It's been a long time since the last update. So long I can't track what number this should be, so I am calling it day 41.

So what's been going on since last time. Mainly going on holiday to switzerland, Christmas, and dropping out of the course I was studying. And a few things that are actually useful.

  • I've turned off new customer acquisition (principally) adwords for Steady Service as I have a list of things that I need to address, and I don't believe it makes sense to carry on paying money to attract people when there are things I know the service really needs. I will need to avoid falling into the trap of making a large number of changes, turning things back on, and then not having any data.
  • I've signed up to play with the Rackspace Cloud Monitoring Beta. This should allow automatic monitoring of all the sites I host. Unfortunately it has a restful rather than a declarative API, so I'll need to do some work to take puppet configurations and turn them into changes to be performed against rackspace.
  • I've been doing some interesting reading about more computer science topics, including the zipper, derivatives of data types and the lambda calculus.
  • I'm due to go back to work as normal next week, so I've been starting to figure out what is happening there.

Sabbatical Day 40 - Downtime

Two missing updates.
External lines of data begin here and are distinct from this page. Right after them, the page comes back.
lemma odd_qpoch_dvd_gauss_alt_sum:
  fixes q :: "'a::idom"
  assumes nz: "\<And>i. 1 - (q ^ 2) ^ Suc i \<noteq> 0"
  shows "odd_qpoch q ((n + 1) div 2) dvd gauss_alt_sum (q ^ 2) (q ^ m) n"
proof (induction m arbitrary: n rule: less_induct)
  case (less m)
  consider "m = 0" | "m = 1" | m' where "m = m' + 2"
    by (metis One_nat_def add_2_eq_Suc' not0_implies_Suc)
  then show ?case
  proof cases
    case 1
    then show ?thesis using odd_qpoch_dvd_gauss_alt_sum_at_1[OF nz] by simp
  next
    case 2
    have "\<exists>k. n = 2 * k \<or> n = 2 * k + 1" by presburger
    then obtain k where "n = 2 * k \<or> n = 2 * k + 1" by blast
    then show ?thesis
      using \<open>m = 1\<close> gauss_alt_sum_at_q[OF nz, of k] by (auto simp: odd_qpoch_Suc)
  next
    case 3
    have "q ^ m = q ^ 2 * q ^ m'"
      using 3 by (simp add: power_add power2_eq_square mult.commute)
    then have "gauss_alt_sum (q ^ 2) (q ^ m) n
        = gauss_alt_sum (q ^ 2) (q ^ m') (Suc n) + q ^ m' * gauss_alt_sum (q ^ 2) (q ^ m') n"
      using gauss_alt_sum_Suc[of "q ^ 2" "q ^ m'" n] by (simp add: eq_diff_eq)
    moreover have "odd_qpoch q ((n + 1) div 2) dvd gauss_alt_sum (q ^ 2) (q ^ m') (Suc n)"
    proof (rule dvd_trans)
      show "odd_qpoch q ((n + 1) div 2) dvd odd_qpoch q ((Suc n + 1) div 2)"
        by (rule odd_qpoch_dvd_odd_qpoch) simp
      show "odd_qpoch q ((Suc n + 1) div 2) dvd gauss_alt_sum (q ^ 2) (q ^ m') (Suc n)"
        using less.IH[of m' "Suc n"] 3 by simp
    qed
    moreover have "odd_qpoch q ((n + 1) div 2) dvd gauss_alt_sum (q ^ 2) (q ^ m') n"
      using less.IH[of m' n] 3 by simp
    ultimately show ?thesis by simp
  qed
qed

lemma one_minus_qvar_power_nonzero: "0 < k \<Longrightarrow> 1 - qvar ^ k \<noteq> 0"
proof
  assume "0 < k" and "1 - qvar ^ k = 0"
  then have "poly (1 - qvar ^ k) 2 = (0::int)" by simp
  moreover have "poly (1 - qvar ^ k) 2 = 1 - (2::int) ^ k" by (simp add: qvar_def)
  moreover have "(1::int) < 2 ^ k" using \<open>0 < k\<close> by simp
  ultimately show False by simp
qed

lemma qbinom2_eq_gauss_binomial:
  assumes "j \<le> n"
  shows "qbinom2 n j = gauss_binomial (qvar ^ 2) n j"
proof -
  have qpoch_eq_qfact: "qpoch qvar qvar k = qfact qvar k" for k
    unfolding qpoch_def qfact_def by (simp add: mult.commute)
  have nz: "1 - qvar ^ Suc i \<noteq> 0" for i
    by (rule one_minus_qvar_power_nonzero) simp
  have "qfact qvar j * qfact qvar (n - j) \<noteq> 0"
    using qfact_nonzero[OF nz] by simp
  then have "qbinom n j = gauss_binomial qvar n j"
    unfolding qbinom_def qpoch_eq_qfact
    using gauss_binomial_mult_qfact[OF assms, of qvar] by (metis nonzero_mult_div_cancel_right)
  then show ?thesis
    unfolding qbinom2_def by (simp add: pcompose_gauss_binomial qvar_def pcompose_pCons)
qed

lemma qpoch_qvar_eq_odd_qpoch: "qpoch qvar (qvar ^ 2) k = odd_qpoch qvar k"
  unfolding qpoch_def odd_qpoch_def by (simp add: power_mult[symmetric] power_add mult.commute)

theorem corollary2p3:
  fixes m n :: nat
  shows "qpoch qvar (qvar ^ 2) ((n + 1) div 2) dvd
           (\<Sum>j\<le>n. (-1) ^ j * qvar ^ (m * j) * qbinom2 n j)"
proof -
  have "(\<Sum>j\<le>n. (-1) ^ j * qvar ^ (m * j) * qbinom2 n j) = gauss_alt_sum (qvar ^ 2) (qvar ^ m) n"
    unfolding gauss_alt_sum_def by (intro sum.cong refl) (simp add: qbinom2_eq_gauss_binomial power_mult)
  moreover have nz: "1 - (qvar ^ 2) ^ Suc i \<noteq> 0" for i
    using one_minus_qvar_power_nonzero[of "2 * Suc i"] by (simp only: power_mult) simp
  ultimately show ?thesis
    using odd_qpoch_dvd_gauss_alt_sum[OF nz, of n m] by (simp add: qpoch_qvar_eq_odd_qpoch)
qed

end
I was feeling poorly and thus mainly spent the days in bed. Clearly I'm not hardcore.

Today saw the first significant bit of downtime for SteadyService - customer sites were unavailable for a while.

So what happened:

  • Amazon have made some changes to their infrastructure, which required restarting customer VMs. As scheduled, the VM hosting customer services was restarted.
  • Services were not scheduled to come online when the machine starts up, so they did not start when the machine came back a few minutes later. I knew that this would be the case when I wrote the original scripts, but in the time between writing them and now I forgot about this.
  • There was no active monitoring of the sites in place, so I didn't notice that this was the case.

So what am I doing to prevent this occuring again?
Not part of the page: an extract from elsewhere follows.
(* For every planar rooted tree $t$, the antipode $S$ of $\mathcal{H}$ satisfies $S(t)=-\sum_{c}(-1)^{n_c}W^c(t)$, where the sum runs over all left cuts $c$ of $t$ (including the empty cut).
   Context: Planar rooted trees have their children linearly ordered left to right; a planar forest is a finite, possibly empty, sequence of planar rooted trees; $\mathcal{H}$ is the free associative unital algebra over a field $K$ on planar rooted trees, with basis the planar forests and product concatenation. $B^+(F)$ is the tree obtained by grafting the trees of $F$ on a new common root; $\varepsilon(F)=\delta_{F,1}$. $\Delta$ is the unique linear map with $\Delta(1)=1\otimes1$, $\Delta(xy)=(x\otimes1)\Delta(y)+\Delta(x)(1\otimes y)-x\otimes y$, $\Delta(B^+(x))=B^+(x)\otimes 1+(\mathrm{Id}\otimes B^+)\Delta(x)$; with it $\mathcal{H}$ is a graded infinitesimal bialgebra, and its antipode $S$ is the inverse of $\mathrm{Id}$ for the convolution product $f\star g=m\circ(f\otimes g)\circ\Delta$ on linear endomorphisms (unit $1\varepsilon$). Orders on vertices: $s\geq_{high}s'$ iff $s'=s$ or $s'$ is an ancestor of $s$; for $\geq_{high}$-incomparable $s,s'$ in a forest $t_1\cdots t_n$, $s\geq_{left}s'$ iff $s\in t_i,s'\in t_j$ with $i<j$, or both lie in $t_i$ and $s\geq_{left}s'$ in the forest obtained from $t_i$ by deleting its root (recursively); $s\geq_{h,l}s'$ iff $s\geq_{high}s'$ or $s\geq_{left}s'$ (a total order). For a tree $t$, let $s$ be its greatest vertex for $\geq_{h,l}$ (its leftmost leaf). A left edge is an edge on the path from the root to $s$. A left cut $c$ is a (possibly empty) set of left edges; cutting them splits $t$ into trees $t_1,\dots,t_n$ indexed so that their roots satisfy $r_1\geq_{h,l}\cdots\geq_{h,l}r_n$ in $t$; $W^c(t)=t_1\cdots t_n$, and $n_c$ is the number of edges in $c$. *)

theory Defs
  imports Main "HOL-Library.Poly_Mapping" "HOL-Library.Sublist"
begin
  • Adding active monitoring to all the sites to I will be notified immediately if anything breaks. I need to monitor many more hosts than most commerical solutions make possible, plus I want to automatically add customer hosts when they are created, so it looks like this will be something home grown with Nagios. Any better ideas.
  • I will be modifying my site creation scripts so sites are automatically brought online again when a box restarts.
  • In future if Amazon schedules a restart of machines hosting customer data I will handle it by bringing up a new box hosting customer sites, testing it works, transfering DNS over, and then bringing down the old server. This should avoid the downtime which would otherwise be caused by restarts.

This is another reminder that running an always available service has a whole host of additional challenges you don't face when just writing and distributing software.

Sabbatical Day 39

I'm spending the day working on a visitor tracking and data recording system based around CouchDB, nodejs, and browser javascript. To my surprise I am broadly liking nodejs so far. The available libraries seem well build and easily composable, and not having to switch languages between client side and server side is very nice.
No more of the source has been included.